* **WORK TO COMPLETE**
Write out, word for word, every line in the data below from the one containing "2 5 6 = Var" to the one containing "(auto intro: gen_ideal.zero", both of them included.

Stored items
============================================================

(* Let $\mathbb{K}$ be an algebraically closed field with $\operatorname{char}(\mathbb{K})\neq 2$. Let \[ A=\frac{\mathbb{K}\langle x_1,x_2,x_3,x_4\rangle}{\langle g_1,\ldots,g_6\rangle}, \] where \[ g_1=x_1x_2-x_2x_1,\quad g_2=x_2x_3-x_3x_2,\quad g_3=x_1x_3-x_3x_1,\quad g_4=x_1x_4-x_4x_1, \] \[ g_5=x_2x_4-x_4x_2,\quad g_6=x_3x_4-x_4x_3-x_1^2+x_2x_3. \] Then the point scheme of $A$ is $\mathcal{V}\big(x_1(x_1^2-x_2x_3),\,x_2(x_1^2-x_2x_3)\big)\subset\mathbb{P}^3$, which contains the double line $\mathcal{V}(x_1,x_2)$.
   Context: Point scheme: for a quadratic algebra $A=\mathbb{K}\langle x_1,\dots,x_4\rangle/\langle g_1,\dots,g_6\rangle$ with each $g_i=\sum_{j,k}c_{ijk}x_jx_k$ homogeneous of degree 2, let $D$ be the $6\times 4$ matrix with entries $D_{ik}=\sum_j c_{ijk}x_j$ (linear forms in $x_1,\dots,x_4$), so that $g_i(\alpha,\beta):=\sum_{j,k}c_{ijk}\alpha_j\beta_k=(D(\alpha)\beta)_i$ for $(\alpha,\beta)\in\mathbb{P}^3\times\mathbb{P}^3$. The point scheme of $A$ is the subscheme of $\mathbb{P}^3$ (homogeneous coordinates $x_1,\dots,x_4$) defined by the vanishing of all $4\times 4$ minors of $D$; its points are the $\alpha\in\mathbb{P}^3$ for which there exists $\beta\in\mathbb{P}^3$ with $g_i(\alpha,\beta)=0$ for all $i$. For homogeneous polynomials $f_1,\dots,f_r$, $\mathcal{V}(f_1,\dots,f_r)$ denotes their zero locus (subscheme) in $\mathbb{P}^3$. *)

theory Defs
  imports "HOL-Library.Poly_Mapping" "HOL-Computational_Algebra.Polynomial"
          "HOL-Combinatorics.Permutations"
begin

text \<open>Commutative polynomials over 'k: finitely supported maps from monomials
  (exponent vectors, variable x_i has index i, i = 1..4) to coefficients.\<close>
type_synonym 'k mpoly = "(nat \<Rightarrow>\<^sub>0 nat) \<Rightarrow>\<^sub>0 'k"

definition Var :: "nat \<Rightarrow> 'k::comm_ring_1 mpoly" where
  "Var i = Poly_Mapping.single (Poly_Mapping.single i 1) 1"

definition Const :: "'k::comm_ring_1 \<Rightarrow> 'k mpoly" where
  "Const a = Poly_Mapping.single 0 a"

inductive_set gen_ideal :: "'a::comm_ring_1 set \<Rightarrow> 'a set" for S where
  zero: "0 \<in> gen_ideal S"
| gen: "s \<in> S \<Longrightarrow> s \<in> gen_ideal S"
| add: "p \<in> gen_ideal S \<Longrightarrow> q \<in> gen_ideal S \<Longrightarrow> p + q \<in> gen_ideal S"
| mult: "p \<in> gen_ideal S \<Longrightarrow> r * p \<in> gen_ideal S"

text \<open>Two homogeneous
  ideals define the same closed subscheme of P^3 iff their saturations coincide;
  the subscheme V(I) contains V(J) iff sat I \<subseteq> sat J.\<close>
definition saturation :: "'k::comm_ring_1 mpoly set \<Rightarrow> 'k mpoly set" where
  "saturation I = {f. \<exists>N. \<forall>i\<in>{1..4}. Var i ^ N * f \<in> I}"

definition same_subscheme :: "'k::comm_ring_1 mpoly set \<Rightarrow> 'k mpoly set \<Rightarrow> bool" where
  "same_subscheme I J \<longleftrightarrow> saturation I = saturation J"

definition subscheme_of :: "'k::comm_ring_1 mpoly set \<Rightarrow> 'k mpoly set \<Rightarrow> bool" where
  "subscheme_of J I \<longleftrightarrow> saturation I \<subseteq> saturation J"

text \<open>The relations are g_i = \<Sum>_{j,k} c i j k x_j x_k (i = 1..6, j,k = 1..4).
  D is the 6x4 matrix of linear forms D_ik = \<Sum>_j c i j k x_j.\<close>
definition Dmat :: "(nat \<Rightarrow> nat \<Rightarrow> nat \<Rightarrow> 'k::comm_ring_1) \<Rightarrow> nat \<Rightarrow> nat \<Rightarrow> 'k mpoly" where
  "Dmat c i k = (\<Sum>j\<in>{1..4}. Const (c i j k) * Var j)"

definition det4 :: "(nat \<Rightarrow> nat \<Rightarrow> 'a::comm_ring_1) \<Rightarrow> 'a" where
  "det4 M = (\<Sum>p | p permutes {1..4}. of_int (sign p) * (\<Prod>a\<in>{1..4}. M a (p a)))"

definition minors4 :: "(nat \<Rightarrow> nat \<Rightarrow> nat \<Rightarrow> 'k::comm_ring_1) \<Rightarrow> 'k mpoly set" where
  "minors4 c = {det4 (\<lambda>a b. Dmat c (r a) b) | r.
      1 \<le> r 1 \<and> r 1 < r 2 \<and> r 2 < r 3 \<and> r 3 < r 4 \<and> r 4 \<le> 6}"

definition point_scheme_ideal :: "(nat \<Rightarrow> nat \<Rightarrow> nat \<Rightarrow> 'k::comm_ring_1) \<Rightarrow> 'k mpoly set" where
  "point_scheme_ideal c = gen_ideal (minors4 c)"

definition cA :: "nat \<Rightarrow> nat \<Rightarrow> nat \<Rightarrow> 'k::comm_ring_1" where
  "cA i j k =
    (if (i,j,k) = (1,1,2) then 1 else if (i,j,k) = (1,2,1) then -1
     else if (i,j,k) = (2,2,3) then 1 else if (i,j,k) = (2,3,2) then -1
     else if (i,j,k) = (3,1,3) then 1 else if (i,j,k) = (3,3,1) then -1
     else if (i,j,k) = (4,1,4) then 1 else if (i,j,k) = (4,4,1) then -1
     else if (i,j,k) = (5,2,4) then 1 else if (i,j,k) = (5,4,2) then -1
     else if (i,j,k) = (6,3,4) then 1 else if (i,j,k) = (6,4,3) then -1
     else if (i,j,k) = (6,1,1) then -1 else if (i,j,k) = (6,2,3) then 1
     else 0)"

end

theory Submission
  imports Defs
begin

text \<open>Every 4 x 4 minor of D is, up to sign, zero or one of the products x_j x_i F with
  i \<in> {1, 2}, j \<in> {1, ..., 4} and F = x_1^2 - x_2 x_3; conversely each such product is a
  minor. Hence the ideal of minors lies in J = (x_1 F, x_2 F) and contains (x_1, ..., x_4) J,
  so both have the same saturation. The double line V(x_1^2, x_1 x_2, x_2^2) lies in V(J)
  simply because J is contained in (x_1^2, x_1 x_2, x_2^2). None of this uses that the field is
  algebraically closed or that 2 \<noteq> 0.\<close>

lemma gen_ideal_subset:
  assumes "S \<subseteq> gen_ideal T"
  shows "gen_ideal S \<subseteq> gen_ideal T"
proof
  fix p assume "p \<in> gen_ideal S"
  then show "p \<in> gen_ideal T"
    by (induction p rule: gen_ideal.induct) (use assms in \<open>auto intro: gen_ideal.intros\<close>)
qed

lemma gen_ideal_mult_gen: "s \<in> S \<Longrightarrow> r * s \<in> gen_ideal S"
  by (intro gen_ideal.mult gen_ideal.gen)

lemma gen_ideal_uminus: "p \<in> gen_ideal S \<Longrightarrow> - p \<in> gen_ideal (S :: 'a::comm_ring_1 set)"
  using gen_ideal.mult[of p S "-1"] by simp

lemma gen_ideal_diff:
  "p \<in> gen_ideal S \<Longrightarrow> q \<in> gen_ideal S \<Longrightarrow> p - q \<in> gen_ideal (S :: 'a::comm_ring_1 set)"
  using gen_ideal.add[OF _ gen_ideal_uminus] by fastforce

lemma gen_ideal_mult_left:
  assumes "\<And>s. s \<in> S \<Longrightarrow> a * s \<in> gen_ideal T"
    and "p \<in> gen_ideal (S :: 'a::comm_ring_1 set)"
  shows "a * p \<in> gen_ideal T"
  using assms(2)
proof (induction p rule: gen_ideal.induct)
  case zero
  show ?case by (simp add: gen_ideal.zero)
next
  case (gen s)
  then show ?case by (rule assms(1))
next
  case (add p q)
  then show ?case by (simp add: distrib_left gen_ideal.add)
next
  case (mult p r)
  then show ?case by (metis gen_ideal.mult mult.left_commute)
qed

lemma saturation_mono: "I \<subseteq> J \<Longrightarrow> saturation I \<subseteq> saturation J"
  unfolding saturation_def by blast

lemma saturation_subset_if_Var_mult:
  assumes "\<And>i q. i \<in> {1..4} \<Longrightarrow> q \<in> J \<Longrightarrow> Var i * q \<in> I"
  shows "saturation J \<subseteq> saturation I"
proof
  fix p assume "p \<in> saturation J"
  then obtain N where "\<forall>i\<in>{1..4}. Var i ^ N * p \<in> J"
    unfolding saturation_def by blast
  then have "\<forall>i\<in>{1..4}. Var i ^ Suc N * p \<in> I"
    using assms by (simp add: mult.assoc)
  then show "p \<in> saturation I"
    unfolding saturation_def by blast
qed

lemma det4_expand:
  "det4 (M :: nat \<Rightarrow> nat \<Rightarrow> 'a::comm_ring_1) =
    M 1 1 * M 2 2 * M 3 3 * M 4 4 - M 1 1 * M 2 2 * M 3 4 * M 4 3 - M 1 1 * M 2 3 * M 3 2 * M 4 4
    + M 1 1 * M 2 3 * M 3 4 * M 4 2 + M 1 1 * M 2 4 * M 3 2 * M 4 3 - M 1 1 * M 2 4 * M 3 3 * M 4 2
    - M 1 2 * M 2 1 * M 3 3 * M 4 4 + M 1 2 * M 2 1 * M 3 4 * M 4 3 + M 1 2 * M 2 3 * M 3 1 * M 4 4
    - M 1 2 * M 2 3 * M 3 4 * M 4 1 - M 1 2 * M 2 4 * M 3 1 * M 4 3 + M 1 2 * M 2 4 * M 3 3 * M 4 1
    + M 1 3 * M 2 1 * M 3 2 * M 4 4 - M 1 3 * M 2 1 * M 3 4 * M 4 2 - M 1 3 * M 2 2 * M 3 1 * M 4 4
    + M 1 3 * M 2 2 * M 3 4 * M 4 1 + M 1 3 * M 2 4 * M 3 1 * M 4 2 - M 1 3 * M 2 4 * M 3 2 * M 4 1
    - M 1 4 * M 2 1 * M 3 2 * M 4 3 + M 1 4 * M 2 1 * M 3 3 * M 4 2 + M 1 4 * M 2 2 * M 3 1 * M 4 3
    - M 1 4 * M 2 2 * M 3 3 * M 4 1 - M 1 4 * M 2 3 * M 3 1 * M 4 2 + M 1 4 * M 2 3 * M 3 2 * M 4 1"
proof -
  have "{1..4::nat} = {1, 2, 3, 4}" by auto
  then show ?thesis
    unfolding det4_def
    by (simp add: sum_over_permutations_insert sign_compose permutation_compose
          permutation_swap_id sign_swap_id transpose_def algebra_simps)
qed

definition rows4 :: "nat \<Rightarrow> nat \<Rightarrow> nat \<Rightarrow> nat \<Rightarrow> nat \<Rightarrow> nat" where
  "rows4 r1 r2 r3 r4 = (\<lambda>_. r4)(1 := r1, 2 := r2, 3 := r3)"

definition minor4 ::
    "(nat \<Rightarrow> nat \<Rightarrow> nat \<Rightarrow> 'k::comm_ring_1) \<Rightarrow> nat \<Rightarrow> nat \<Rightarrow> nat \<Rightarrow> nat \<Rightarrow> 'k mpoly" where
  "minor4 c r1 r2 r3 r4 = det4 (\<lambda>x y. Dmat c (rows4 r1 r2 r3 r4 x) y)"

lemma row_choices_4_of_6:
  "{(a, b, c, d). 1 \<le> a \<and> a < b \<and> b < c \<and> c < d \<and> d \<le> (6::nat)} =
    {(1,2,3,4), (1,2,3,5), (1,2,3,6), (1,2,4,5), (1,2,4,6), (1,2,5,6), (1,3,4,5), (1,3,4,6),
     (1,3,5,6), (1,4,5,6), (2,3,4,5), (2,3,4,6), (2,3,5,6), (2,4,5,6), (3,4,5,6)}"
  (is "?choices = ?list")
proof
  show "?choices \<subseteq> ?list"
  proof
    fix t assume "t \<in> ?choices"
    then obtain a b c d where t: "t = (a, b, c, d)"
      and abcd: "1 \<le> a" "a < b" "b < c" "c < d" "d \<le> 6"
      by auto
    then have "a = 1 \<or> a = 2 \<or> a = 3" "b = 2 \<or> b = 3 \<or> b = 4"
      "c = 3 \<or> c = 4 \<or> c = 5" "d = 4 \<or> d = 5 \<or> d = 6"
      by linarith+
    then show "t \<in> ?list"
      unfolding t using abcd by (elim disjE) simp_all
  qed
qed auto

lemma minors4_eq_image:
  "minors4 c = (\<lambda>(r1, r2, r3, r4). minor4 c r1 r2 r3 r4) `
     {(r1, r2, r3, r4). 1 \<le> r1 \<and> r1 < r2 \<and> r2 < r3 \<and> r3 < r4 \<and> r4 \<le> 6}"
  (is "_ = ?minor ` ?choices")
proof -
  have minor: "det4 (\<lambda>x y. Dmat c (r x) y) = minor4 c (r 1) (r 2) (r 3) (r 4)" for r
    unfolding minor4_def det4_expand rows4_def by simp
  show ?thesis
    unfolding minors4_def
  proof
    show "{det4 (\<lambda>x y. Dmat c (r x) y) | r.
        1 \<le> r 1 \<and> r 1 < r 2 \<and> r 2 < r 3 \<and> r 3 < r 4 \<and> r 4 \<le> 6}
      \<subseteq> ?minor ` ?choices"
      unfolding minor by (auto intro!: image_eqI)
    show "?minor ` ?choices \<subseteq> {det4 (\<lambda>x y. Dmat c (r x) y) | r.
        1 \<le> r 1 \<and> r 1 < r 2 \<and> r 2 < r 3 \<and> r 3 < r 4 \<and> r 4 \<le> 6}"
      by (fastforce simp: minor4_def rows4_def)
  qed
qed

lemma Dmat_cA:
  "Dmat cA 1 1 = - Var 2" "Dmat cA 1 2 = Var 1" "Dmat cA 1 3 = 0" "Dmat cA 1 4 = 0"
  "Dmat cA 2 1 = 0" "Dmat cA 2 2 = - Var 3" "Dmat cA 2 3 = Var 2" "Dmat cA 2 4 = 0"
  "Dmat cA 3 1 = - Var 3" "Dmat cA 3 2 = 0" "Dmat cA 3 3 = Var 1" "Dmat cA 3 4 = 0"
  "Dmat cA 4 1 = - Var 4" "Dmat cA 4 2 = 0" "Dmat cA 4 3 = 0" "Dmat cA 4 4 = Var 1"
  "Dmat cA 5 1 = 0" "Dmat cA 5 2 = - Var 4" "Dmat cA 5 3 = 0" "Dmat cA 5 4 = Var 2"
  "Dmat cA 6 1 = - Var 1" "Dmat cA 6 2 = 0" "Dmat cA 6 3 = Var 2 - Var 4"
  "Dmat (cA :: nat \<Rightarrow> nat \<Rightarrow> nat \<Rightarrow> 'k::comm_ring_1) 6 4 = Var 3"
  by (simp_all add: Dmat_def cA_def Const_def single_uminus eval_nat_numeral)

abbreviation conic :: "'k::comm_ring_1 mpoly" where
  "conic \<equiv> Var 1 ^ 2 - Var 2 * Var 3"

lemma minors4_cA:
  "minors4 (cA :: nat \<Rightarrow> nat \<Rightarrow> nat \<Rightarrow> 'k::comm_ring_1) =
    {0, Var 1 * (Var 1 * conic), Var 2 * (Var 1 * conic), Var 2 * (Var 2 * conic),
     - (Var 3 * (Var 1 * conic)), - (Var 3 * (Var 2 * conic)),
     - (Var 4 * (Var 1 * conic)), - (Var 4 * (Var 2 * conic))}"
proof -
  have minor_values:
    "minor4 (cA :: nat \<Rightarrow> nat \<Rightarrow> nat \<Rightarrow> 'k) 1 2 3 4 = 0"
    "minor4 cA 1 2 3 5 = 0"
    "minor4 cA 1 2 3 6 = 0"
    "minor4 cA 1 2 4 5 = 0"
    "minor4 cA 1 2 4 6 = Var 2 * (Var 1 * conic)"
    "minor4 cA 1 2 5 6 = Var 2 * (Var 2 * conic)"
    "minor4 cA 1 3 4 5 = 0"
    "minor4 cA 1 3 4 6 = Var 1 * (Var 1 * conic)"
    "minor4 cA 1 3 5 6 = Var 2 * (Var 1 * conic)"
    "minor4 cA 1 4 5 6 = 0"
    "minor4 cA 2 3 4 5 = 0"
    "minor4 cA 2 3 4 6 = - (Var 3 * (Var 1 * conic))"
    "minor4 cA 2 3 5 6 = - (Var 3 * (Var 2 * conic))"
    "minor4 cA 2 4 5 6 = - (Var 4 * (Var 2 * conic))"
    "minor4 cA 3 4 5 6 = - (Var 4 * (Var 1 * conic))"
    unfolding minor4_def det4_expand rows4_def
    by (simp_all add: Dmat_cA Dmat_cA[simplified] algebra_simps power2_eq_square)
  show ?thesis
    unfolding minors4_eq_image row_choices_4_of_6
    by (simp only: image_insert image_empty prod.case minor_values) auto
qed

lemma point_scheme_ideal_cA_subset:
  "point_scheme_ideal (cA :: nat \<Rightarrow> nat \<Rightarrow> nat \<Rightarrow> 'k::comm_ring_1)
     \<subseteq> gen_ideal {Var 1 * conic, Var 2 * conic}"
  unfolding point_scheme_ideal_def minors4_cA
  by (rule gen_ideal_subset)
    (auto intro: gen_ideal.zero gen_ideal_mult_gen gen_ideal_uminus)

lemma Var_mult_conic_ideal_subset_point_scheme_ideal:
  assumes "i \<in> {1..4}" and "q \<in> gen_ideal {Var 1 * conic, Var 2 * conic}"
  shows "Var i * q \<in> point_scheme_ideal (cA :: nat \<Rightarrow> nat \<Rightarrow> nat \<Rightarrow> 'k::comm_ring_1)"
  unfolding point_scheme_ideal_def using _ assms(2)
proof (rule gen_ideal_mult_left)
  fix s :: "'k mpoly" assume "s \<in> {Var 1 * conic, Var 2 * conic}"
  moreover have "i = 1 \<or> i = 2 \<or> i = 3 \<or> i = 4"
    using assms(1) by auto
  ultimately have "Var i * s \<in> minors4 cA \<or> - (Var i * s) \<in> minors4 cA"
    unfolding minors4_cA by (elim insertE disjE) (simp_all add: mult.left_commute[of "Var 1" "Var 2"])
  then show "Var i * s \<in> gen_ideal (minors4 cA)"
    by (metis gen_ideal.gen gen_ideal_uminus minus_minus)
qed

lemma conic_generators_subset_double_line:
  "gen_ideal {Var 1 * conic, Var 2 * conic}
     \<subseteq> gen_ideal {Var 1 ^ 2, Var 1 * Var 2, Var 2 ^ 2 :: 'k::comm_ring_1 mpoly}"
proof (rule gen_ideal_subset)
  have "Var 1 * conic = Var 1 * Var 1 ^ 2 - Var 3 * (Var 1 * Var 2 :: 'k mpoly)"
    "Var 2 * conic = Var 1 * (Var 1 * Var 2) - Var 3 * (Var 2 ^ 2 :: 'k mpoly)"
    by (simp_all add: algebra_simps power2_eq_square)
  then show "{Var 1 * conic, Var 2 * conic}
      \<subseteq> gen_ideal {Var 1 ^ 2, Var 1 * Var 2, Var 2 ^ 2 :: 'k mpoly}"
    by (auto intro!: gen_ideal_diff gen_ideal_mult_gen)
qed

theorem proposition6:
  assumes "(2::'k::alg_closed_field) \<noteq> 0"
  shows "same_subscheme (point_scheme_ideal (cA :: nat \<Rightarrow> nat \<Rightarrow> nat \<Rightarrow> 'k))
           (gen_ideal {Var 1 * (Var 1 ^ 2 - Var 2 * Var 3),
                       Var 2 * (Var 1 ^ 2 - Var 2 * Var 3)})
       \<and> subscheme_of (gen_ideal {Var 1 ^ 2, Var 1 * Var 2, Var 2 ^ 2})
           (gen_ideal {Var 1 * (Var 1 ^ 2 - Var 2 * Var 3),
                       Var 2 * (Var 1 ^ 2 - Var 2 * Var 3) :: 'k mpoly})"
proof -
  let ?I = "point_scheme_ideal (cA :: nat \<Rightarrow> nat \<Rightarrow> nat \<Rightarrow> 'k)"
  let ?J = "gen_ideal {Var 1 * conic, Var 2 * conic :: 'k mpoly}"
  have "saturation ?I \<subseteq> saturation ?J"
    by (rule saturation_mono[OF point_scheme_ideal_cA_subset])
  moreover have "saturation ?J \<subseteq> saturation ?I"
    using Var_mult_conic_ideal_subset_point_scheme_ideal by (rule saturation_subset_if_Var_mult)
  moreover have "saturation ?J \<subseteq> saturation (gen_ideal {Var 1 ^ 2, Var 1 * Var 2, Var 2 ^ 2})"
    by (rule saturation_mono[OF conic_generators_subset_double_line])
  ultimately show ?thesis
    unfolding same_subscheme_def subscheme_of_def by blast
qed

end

============================================================

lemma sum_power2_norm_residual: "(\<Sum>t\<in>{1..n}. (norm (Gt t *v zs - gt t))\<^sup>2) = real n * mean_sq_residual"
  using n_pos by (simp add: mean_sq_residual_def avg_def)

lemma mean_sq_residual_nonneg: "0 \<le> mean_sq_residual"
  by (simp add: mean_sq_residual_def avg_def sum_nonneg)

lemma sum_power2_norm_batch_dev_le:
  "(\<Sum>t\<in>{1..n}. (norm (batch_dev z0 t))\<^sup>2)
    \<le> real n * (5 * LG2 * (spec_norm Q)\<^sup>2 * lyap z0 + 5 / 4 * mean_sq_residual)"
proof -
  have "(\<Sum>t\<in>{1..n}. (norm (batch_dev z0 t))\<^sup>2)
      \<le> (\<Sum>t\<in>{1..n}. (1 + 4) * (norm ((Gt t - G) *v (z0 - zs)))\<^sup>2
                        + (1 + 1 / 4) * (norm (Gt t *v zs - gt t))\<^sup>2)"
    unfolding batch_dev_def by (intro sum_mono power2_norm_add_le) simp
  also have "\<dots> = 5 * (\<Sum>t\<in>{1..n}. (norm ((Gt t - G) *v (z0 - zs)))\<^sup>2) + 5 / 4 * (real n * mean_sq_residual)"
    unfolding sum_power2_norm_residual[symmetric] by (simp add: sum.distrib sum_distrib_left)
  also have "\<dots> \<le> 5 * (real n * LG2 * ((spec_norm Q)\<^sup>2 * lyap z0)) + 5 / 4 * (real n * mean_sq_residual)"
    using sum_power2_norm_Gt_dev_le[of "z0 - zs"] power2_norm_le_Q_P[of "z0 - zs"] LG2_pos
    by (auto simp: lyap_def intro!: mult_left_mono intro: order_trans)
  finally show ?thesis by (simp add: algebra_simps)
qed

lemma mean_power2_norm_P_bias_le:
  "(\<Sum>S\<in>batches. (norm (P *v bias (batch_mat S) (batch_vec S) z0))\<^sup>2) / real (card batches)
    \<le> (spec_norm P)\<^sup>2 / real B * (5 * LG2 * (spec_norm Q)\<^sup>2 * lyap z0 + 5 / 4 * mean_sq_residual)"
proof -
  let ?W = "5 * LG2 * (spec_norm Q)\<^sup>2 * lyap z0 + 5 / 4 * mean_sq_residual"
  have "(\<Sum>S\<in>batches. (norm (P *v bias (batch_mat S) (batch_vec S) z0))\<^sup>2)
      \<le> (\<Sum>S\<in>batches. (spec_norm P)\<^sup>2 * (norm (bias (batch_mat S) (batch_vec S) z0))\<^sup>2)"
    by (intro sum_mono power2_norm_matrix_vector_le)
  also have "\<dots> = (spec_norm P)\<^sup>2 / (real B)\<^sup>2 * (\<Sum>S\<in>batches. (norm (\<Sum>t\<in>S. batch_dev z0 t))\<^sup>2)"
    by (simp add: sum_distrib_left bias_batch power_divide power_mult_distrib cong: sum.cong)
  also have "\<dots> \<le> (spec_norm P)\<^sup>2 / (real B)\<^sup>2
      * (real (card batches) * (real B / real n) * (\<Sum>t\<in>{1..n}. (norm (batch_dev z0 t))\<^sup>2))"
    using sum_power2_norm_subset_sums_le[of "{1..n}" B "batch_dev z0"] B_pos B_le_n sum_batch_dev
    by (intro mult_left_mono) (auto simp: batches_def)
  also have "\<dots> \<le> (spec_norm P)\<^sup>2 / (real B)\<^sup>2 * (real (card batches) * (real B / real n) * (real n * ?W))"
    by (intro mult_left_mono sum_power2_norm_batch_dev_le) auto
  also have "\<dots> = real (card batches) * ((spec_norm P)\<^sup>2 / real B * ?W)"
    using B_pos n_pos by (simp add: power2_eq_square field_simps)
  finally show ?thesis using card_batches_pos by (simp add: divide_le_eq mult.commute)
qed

============================================================

* **REPLY TO THE TASK**
    "minor4 cA 1 2 5 6 = Var 2 * (Var 2 * conic)"
    "minor4 cA 1 3 4 5 = 0"
    "minor4 cA 1 3 4 6 = Var 1 * (Var 1 * conic)"
    "minor4 cA 1 3 5 6 = Var 2 * (Var 1 * conic)"
    "minor4 cA 1 4 5 6 = 0"
    "minor4 cA 2 3 4 5 = 0"
    "minor4 cA 2 3 4 6 = - (Var 3 * (Var 1 * conic))"
    "minor4 cA 2 3 5 6 = - (Var 3 * (Var 2 * conic))"
    "minor4 cA 2 4 5 6 = - (Var 4 * (Var 2 * conic))"
    "minor4 cA 3 4 5 6 = - (Var 4 * (Var 1 * conic))"
    unfolding minor4_def det4_expand rows4_def
    by (simp_all add: Dmat_cA Dmat_cA[simplified] algebra_simps power2_eq_square)
  show ?thesis
    unfolding minors4_eq_image row_choices_4_of_6
    by (simp only: image_insert image_empty prod.case minor_values) auto
qed

lemma point_scheme_ideal_cA_subset:
  "point_scheme_ideal (cA :: nat \<Rightarrow> nat \<Rightarrow> nat \<Rightarrow> 'k::comm_ring_1)
     \<subseteq> gen_ideal {Var 1 * conic, Var 2 * conic}"
  unfolding point_scheme_ideal_def minors4_cA
  by (rule gen_ideal_subset)
    (auto intro: gen_ideal.zero gen_ideal_mult_gen gen_ideal_uminus)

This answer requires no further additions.